Excerpted data below:

(* There exist absolute constants $C>0$ and $n_0$ such that for all $n\ge n_0$ and all integers $1\le k\le n/\log n$ with $nk$ even, every random graph $\mathcal G$ on vertex set $[n]$ whose law is supported on the set of $k$-regular simple graphs satisfies $$\mathcal B(\mathcal G)\le C\,kn\log(n/k).$$
   Context: A random graph $\mathcal G$ on $[n]$ is identified with the random vector of edge indicators $(e^{ij})_{1\le i<j\le n}\in\{0,1\}^{\binom n2}$. For a random vector $x=(x^1,\dots,x^m)$ on a finite product set, the dual total correlation is $\mathcal B(x)=\mathcal H(x)-\sum_{i=1}^m\mathcal H(x^i\mid x^{-i})$, with $\mathcal H$ Shannon entropy and $x^{-i}$ the vector with coordinate $i$ removed. *)

theory Defs
  imports "HOL-Probability.Probability_Mass_Function"
begin

definition entropy_pmf :: "'a pmf \<Rightarrow> real" where
  "entropy_pmf p = - (\<Sum>x\<in>set_pmf p. pmf p x * ln (pmf p x))"

definition cond_entropy_pmf :: "'w pmf \<Rightarrow> ('w \<Rightarrow> 'a) \<Rightarrow> ('w \<Rightarrow> 'b) \<Rightarrow> real" where
  "cond_entropy_pmf p f g =
     (let J = map_pmf (\<lambda>w. (f w, g w)) p; M = map_pmf g p in
      - (\<Sum>xy\<in>set_pmf J. pmf J xy * ln (pmf J xy / pmf M (snd xy))))"

text \<open>A graph on [n] is identified with its edge set E (a subset of these pairs);
  the coordinate e^{ij} is the indicator of (i,j) in E.\<close>
definition vertex_pairs :: "nat \<Rightarrow> (nat \<times> nat) set" where
  "vertex_pairs n = {(i, j). 1 \<le> i \<and> i < j \<and> j \<le> n}"

definition adj :: "(nat \<times> nat) set \<Rightarrow> nat \<Rightarrow> nat \<Rightarrow> bool" where
  "adj E u v \<longleftrightarrow> (u, v) \<in> E \<or> (v, u) \<in> E"

definition degree :: "nat \<Rightarrow> (nat \<times> nat) set \<Rightarrow> nat \<Rightarrow> nat" where
  "degree n E v = card {u \<in> {1..n}. adj E u v}"

definition regular_graphs :: "nat \<Rightarrow> nat \<Rightarrow> (nat \<times> nat) set set" where
  "regular_graphs n k = {E. E \<subseteq> vertex_pairs n \<and> (\<forall>v\<in>{1..n}. degree n E v = k)}"

text \<open>Dual total correlation of the edge-indicator vector of a random graph on [n]
  with law p: H(x) - sum_e H(x^e | x^{-e}); x^{-e} is represented by E - {e}
  (the restriction of the indicator vector to the other coordinates).\<close>
definition dual_total_corr :: "nat \<Rightarrow> (nat \<times> nat) set pmf \<Rightarrow> real" where
  "dual_total_corr n p =
     entropy_pmf (map_pmf (\<lambda>E. \<lambda>e\<in>vertex_pairs n. e \<in> E) p)
     - (\<Sum>e\<in>vertex_pairs n.
          cond_entropy_pmf p (\<lambda>E. e \<in> E) (\<lambda>E. \<lambda>e'\<in>vertex_pairs n - {e}. e' \<in> E))"

end

theory Submission
  imports Defs
begin

text \<open>Conditional entropies are nonnegative, so the dual total correlation is at most the
  entropy of the graph, which in turn is at most the logarithm of the number of
  \<open>k\<close>-regular graphs. A \<open>k\<close>-regular graph is determined by the \<open>n\<close> neighbourhoods of its
  vertices, each a \<open>k\<close>-subset of \<open>[n]\<close>, so there are at most
  \<open>(n choose k)^n \<le> (e n / k)^(k n)\<close> of them. For \<open>k \<le> n / ln n\<close> and \<open>n\<close> large,
  \<open>n / k \<ge> ln n \<ge> e\<close>, hence \<open>1 + ln (n / k) \<le> 2 ln (n / k)\<close>.\<close>

lemma entropy_pmf_le_ln_card:
  assumes "finite (set_pmf q)"
  shows "entropy_pmf q \<le> ln (card (set_pmf q))"
proof -
  define N where "N = real (card (set_pmf q))"
  have N_pos: "N > 0"
    using assms set_pmf_not_empty[of q] unfolding N_def by (simp add: card_gt_0_iff)
  have sum_1: "(\<Sum>x\<in>set_pmf q. pmf q x) = 1" using sum_pmf_eq_1[OF assms] by simp
  have "entropy_pmf q - ln N
      = (\<Sum>x\<in>set_pmf q. - (pmf q x * ln (pmf q x)) - pmf q x * ln N)"
    unfolding entropy_pmf_def using sum_1
    by (simp add: sum_subtractf sum_negf flip: sum_distrib_right)
  also have "\<dots> = (\<Sum>x\<in>set_pmf q. pmf q x * ln (1 / (pmf q x * N)))"
    using N_pos by (intro sum.cong) (simp_all add: pmf_positive ln_div ln_mult algebra_simps)
  also have "\<dots> \<le> (\<Sum>x\<in>set_pmf q. pmf q x * (1 / (pmf q x * N) - 1))"
    using N_pos by (intro sum_mono mult_left_mono ln_le_minus_one) (simp_all add: pmf_positive)
  also have "\<dots> = (\<Sum>x\<in>set_pmf q. 1 / N - pmf q x)"
    using N_pos by (intro sum.cong) (simp_all add: set_pmf_eq' field_simps)
  also have "\<dots> = 0" using sum_1 N_pos unfolding N_def by (simp add: sum_subtractf)
  finally show ?thesis unfolding N_def by simp
qed

lemma cond_entropy_pmf_nonneg: "cond_entropy_pmf p f g \<ge> 0"
proof -
  define J where "J = map_pmf (\<lambda>w. (f w, g w)) p"
  define M where "M = map_pmf g p"
  have M_eq: "M = map_pmf snd J" unfolding J_def M_def by (simp add: pmf.map_comp o_def)
  have "pmf J xy * ln (pmf J xy / pmf M (snd xy)) \<le> 0" if "xy \<in> set_pmf J" for xy
  proof -
    have J_pos: "pmf J xy > 0" using that by (simp add: pmf_positive)
    have "pmf J xy = measure J {xy}" by (simp add: measure_pmf_single)
    also have "\<dots> \<le> measure J (snd -` {snd xy})"
      by (rule measure_pmf.finite_measure_mono) auto
    also have "\<dots> = pmf M (snd xy)" unfolding M_eq by (simp add: pmf_map)
    finally have "ln (pmf J xy / pmf M (snd xy)) \<le> 0"
      using J_pos by (simp add: divide_le_eq_1)
    then show ?thesis using J_pos by (simp add: mult_nonneg_nonpos)
  qed
  then show ?thesis
    unfolding cond_entropy_pmf_def Let_def J_def[symmetric] M_def[symmetric]
    by (simp add: sum_nonpos)
qed

lemma dual_total_corr_le_ln_card:
  assumes "finite A" and "set_pmf p \<subseteq> A"
  shows "dual_total_corr n p \<le> ln (card A)"
proof -
  define q where "q = map_pmf (\<lambda>E. \<lambda>e\<in>vertex_pairs n. e \<in> E) p"
  have fin_p: "finite (set_pmf p)" using assms by (rule finite_subset[rotated])
  have fin_q: "finite (set_pmf q)" unfolding q_def using fin_p by simp
  have card_q_pos: "card (set_pmf q) > 0"
    using fin_q set_pmf_not_empty[of q] by (simp add: card_gt_0_iff)
  have "card (set_pmf q) \<le> card (set_pmf p)" unfolding q_def using fin_p by (simp add: card_image_le)
  also have "\<dots> \<le> card A" using assms by (rule card_mono)
  finally have card_q_le: "card (set_pmf q) \<le> card A" .
  have "dual_total_corr n p \<le> entropy_pmf q"
    unfolding dual_total_corr_def q_def[symmetric]
    by (simp add: sum_nonneg cond_entropy_pmf_nonneg)
  also have "\<dots> \<le> ln (card (set_pmf q))" using fin_q by (rule entropy_pmf_le_ln_card)
  also have "\<dots> \<le> ln (card A)" using card_q_pos card_q_le by (intro ln_mono) simp_all
  finally show ?thesis .
qed

lemma finite_vertex_pairs: "finite (vertex_pairs n)"
  by (rule finite_subset[of _ "{1..n} \<times> {1..n}"]) (auto simp: vertex_pairs_def)

lemma finite_regular_graphs: "finite (regular_graphs n k)"
  using finite_vertex_pairs[of n] unfolding regular_graphs_def
  by (rule finite_subset[rotated, OF finite_Pow_iff[THEN iffD2]]) auto

lemma graph_eq_adj:
  assumes "E \<subseteq> vertex_pairs n"
  shows "E = {(i, j) \<in> vertex_pairs n. adj E i j}"
  using assms unfolding adj_def vertex_pairs_def by auto

lemma card_regular_graphs_le: "card (regular_graphs n k) \<le> (n choose k) ^ n"
proof -
  define nbhds where "nbhds E = (\<lambda>v\<in>{1..n}. {u \<in> {1..n}. adj E u v})" for E
  define T where "T = (\<Pi>\<^sub>E v\<in>{1..n}. {S. S \<subseteq> {1..n} \<and> card S = k})"
  have "inj_on nbhds (regular_graphs n k)"
  proof (rule inj_onI)
    fix E E' assume E: "E \<in> regular_graphs n k" and E': "E' \<in> regular_graphs n k"
      and eq: "nbhds E = nbhds E'"
    have adj_iff: "adj E i j \<longleftrightarrow> adj E' i j" if "(i, j) \<in> vertex_pairs n" for i j
    proof -
      have "i \<in> nbhds E j \<longleftrightarrow> i \<in> nbhds E' j" by (simp only: eq)
      then show ?thesis using that unfolding nbhds_def vertex_pairs_def by simp
    qed
    have "E = {(i, j) \<in> vertex_pairs n. adj E i j}"
      using E unfolding regular_graphs_def by (intro graph_eq_adj) simp
    also have "\<dots> = {(i, j) \<in> vertex_pairs n. adj E' i j}"
      using adj_iff by (intro Collect_cong) auto
    also have "\<dots> = E'"
      using E' unfolding regular_graphs_def by (intro graph_eq_adj[symmetric]) simp
    finally show "E = E'" .
  qed
  then have "card (regular_graphs n k) = card (nbhds ` regular_graphs n k)" by (simp add: card_image)
  also have "\<dots> \<le> card T"
  proof (rule card_mono)
    show "finite T" by (simp add: T_def finite_PiE)
    show "nbhds ` regular_graphs n k \<subseteq> T"
      unfolding T_def nbhds_def regular_graphs_def degree_def by auto
  qed
  also have "card T = (n choose k) ^ n" unfolding T_def by (simp add: card_PiE n_subsets)
  finally show ?thesis .
qed

lemma power_div_fact_le_exp:
  fixes x :: real
  assumes "x \<ge> 0"
  shows "x ^ k / fact k \<le> exp x"
proof -
  have "summable (\<lambda>n. x ^ n /\<^sub>R fact n)" and "exp x = (\<Sum>n. x ^ n /\<^sub>R fact n)"
    using exp_converges[of x] by (auto simp: sums_iff)
  moreover have "sum (\<lambda>n. x ^ n /\<^sub>R fact n) {k} \<le> (\<Sum>n. x ^ n /\<^sub>R fact n)"
    using assms calculation(1) by (intro sum_le_suminf) auto
  ultimately show ?thesis by (simp add: divide_inverse mult.commute)
qed

lemma ln_binomial_le:
  assumes "1 \<le> k" and "k \<le> n"
  shows "ln (real (n choose k)) \<le> real k * (1 + ln (real n / real k))"
proof -
  have "real (n choose k) \<le> real n ^ k / fact k"
    using of_nat_mono[OF binomial_fact_pow[of n k]] by (simp add: field_simps)
  also have "\<dots> = (real n / real k) ^ k * (real k ^ k / fact k)"
    using assms by (simp add: field_simps power_divide)
  also have "\<dots> \<le> (real n / real k) ^ k * exp (real k)"
    by (intro mult_left_mono power_div_fact_le_exp) auto
  finally have "ln (real (n choose k)) \<le> ln ((real n / real k) ^ k * exp (real k))"
    using assms by (intro ln_mono) auto
  also have "\<dots> = real k * (1 + ln (real n / real k))"
    using assms by (simp add: ln_mult ln_realpow algebra_simps)
  finally show ?thesis .
qed

lemma ln_card_regular_graphs_le:
  assumes "regular_graphs n k \<noteq> {}" and "1 \<le> k" and "k \<le> n"
  shows "ln (card (regular_graphs n k)) \<le> real k * real n * (1 + ln (real n / real k))"
proof -
  have "card (regular_graphs n k) > 0"
    using assms(1) finite_regular_graphs by (simp add: card_gt_0_iff)
  then have "ln (card (regular_graphs n k)) \<le> ln (real ((n choose k) ^ n))"
    using card_regular_graphs_le by (intro ln_mono) (simp_all only: of_nat_le_iff of_nat_0_less_iff)
  also have "\<dots> = real n * ln (real (n choose k))" by (simp add: ln_realpow)
  also have "\<dots> \<le> real n * (real k * (1 + ln (real n / real k)))"
    using ln_binomial_le[OF assms(2,3)] by (rule mult_left_mono) simp
  finally show ?thesis by (simp add: algebra_simps)
qed

lemma le_div_ln_bounds:
  fixes n k :: real
  assumes "27 \<le> n" and "0 < k" and "k \<le> n / ln n"
  shows "k \<le> n" and "1 \<le> ln (n / k)"
proof -
  have "exp (3::real) = exp 1 ^ 3" using exp_of_nat_mult[of 3 "1::real"] by simp
  also have "\<dots> \<le> 3 ^ 3" by (rule power_mono[OF exp_le]) simp
  finally have "3 \<le> ln n" using assms(1) ln_mono[of "exp 3" n] by simp
  moreover have "ln n \<le> n / k" using assms \<open>3 \<le> ln n\<close> by (simp add: field_simps)
  ultimately have "exp 1 \<le> n / k" and "3 \<le> n / k" using exp_le by linarith+
  then show "k \<le> n" and "1 \<le> ln (n / k)"
    using assms(2) ln_mono[of "exp 1" "n / k"] by (simp_all add: field_simps)
qed

theorem proposition3:
  shows "\<exists>C::real. C > 0 \<and> (\<exists>n0::nat. \<forall>n\<ge>n0. \<forall>k::nat.
           1 \<le> k \<and> real k \<le> real n / ln (real n) \<and> even (n * k) \<longrightarrow>
           (\<forall>p :: (nat \<times> nat) set pmf. set_pmf p \<subseteq> regular_graphs n k \<longrightarrow>
              dual_total_corr n p \<le> C * real k * real n * ln (real n / real k)))"
proof (intro exI[of _ "2::real"] exI[of _ "27::nat"] conjI allI impI)
  fix n k :: nat and p :: "(nat \<times> nat) set pmf"
  assume n: "27 \<le> n" and k: "1 \<le> k \<and> real k \<le> real n / ln (real n) \<and> even (n * k)"
    and supp: "set_pmf p \<subseteq> regular_graphs n k"
  have hyps: "27 \<le> real n" "0 < real k" "real k \<le> real n / ln (real n)"
    using n k by simp_all
  have "real k \<le> real n" using hyps by (rule le_div_ln_bounds)
  have ratio: "1 \<le> ln (real n / real k)" using hyps by (rule le_div_ln_bounds)
  have "regular_graphs n k \<noteq> {}" using supp set_pmf_not_empty[of p] by blast
  have "dual_total_corr n p \<le> ln (card (regular_graphs n k))"
    using finite_regular_graphs supp by (rule dual_total_corr_le_ln_card)
  also have "\<dots> \<le> real k * real n * (1 + ln (real n / real k))"
    using \<open>regular_graphs n k \<noteq> {}\<close> k \<open>real k \<le> real n\<close>
    by (intro ln_card_regular_graphs_le) simp_all
  also have "\<dots> \<le> real k * real n * (2 * ln (real n / real k))"
    using ratio by (intro mult_left_mono) simp_all
  finally show "dual_total_corr n p \<le> 2 * real k * real n * ln (real n / real k)"
    by (simp only: mult_ac)
qed simp

end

End of Excerpted data.

(What is required):
For the listing above, print only the lines starting at the line containing "pmf q x * (1" and ending at the line containing "(simp add: card_image_le)", exactly, both included.

(Solution below):
  also have "\<dots> \<le> (\<Sum>x\<in>set_pmf q. pmf q x * (1 / (pmf q x * N) - 1))"
    using N_pos by (intro sum_mono mult_left_mono ln_le_minus_one) (simp_all add: pmf_positive)
  also have "\<dots> = (\<Sum>x\<in>set_pmf q. 1 / N - pmf q x)"
    using N_pos by (intro sum.cong) (simp_all add: set_pmf_eq' field_simps)
  also have "\<dots> = 0" using sum_1 N_pos unfolding N_def by (simp add: sum_subtractf)
  finally show ?thesis unfolding N_def by simp
qed

lemma cond_entropy_pmf_nonneg: "cond_entropy_pmf p f g \<ge> 0"
proof -
  define J where "J = map_pmf (\<lambda>w. (f w, g w)) p"
  define M where "M = map_pmf g p"
  have M_eq: "M = map_pmf snd J" unfolding J_def M_def by (simp add: pmf.map_comp o_def)
  have "pmf J xy * ln (pmf J xy / pmf M (snd xy)) \<le> 0" if "xy \<in> set_pmf J" for xy
  proof -
    have J_pos: "pmf J xy > 0" using that by (simp add: pmf_positive)
    have "pmf J xy = measure J {xy}" by (simp add: measure_pmf_single)
    also have "\<dots> \<le> measure J (snd -` {snd xy})"
      by (rule measure_pmf.finite_measure_mono) auto
    also have "\<dots> = pmf M (snd xy)" unfolding M_eq by (simp add: pmf_map)
    finally have "ln (pmf J xy / pmf M (snd xy)) \<le> 0"
      using J_pos by (simp add: divide_le_eq_1)
    then show ?thesis using J_pos by (simp add: mult_nonneg_nonpos)
  qed
  then show ?thesis
    unfolding cond_entropy_pmf_def Let_def J_def[symmetric] M_def[symmetric]
    by (simp add: sum_nonpos)
qed

lemma dual_total_corr_le_ln_card:
  assumes "finite A" and "set_pmf p \<subseteq> A"
  shows "dual_total_corr n p \<le> ln (card A)"
proof -
  define q where "q = map_pmf (\<lambda>E. \<lambda>e\<in>vertex_pairs n. e \<in> E) p"
  have fin_p: "finite (set_pmf p)" using assms by (rule finite_subset[rotated])
  have fin_q: "finite (set_pmf q)" unfolding q_def using fin_p by simp
  have card_q_pos: "card (set_pmf q) > 0"
    using fin_q set_pmf_not_empty[of q] by (simp add: card_gt_0_iff)
  have "card (set_pmf q) \<le> card (set_pmf p)" unfolding q_def using fin_p by (simp add: card_image_le)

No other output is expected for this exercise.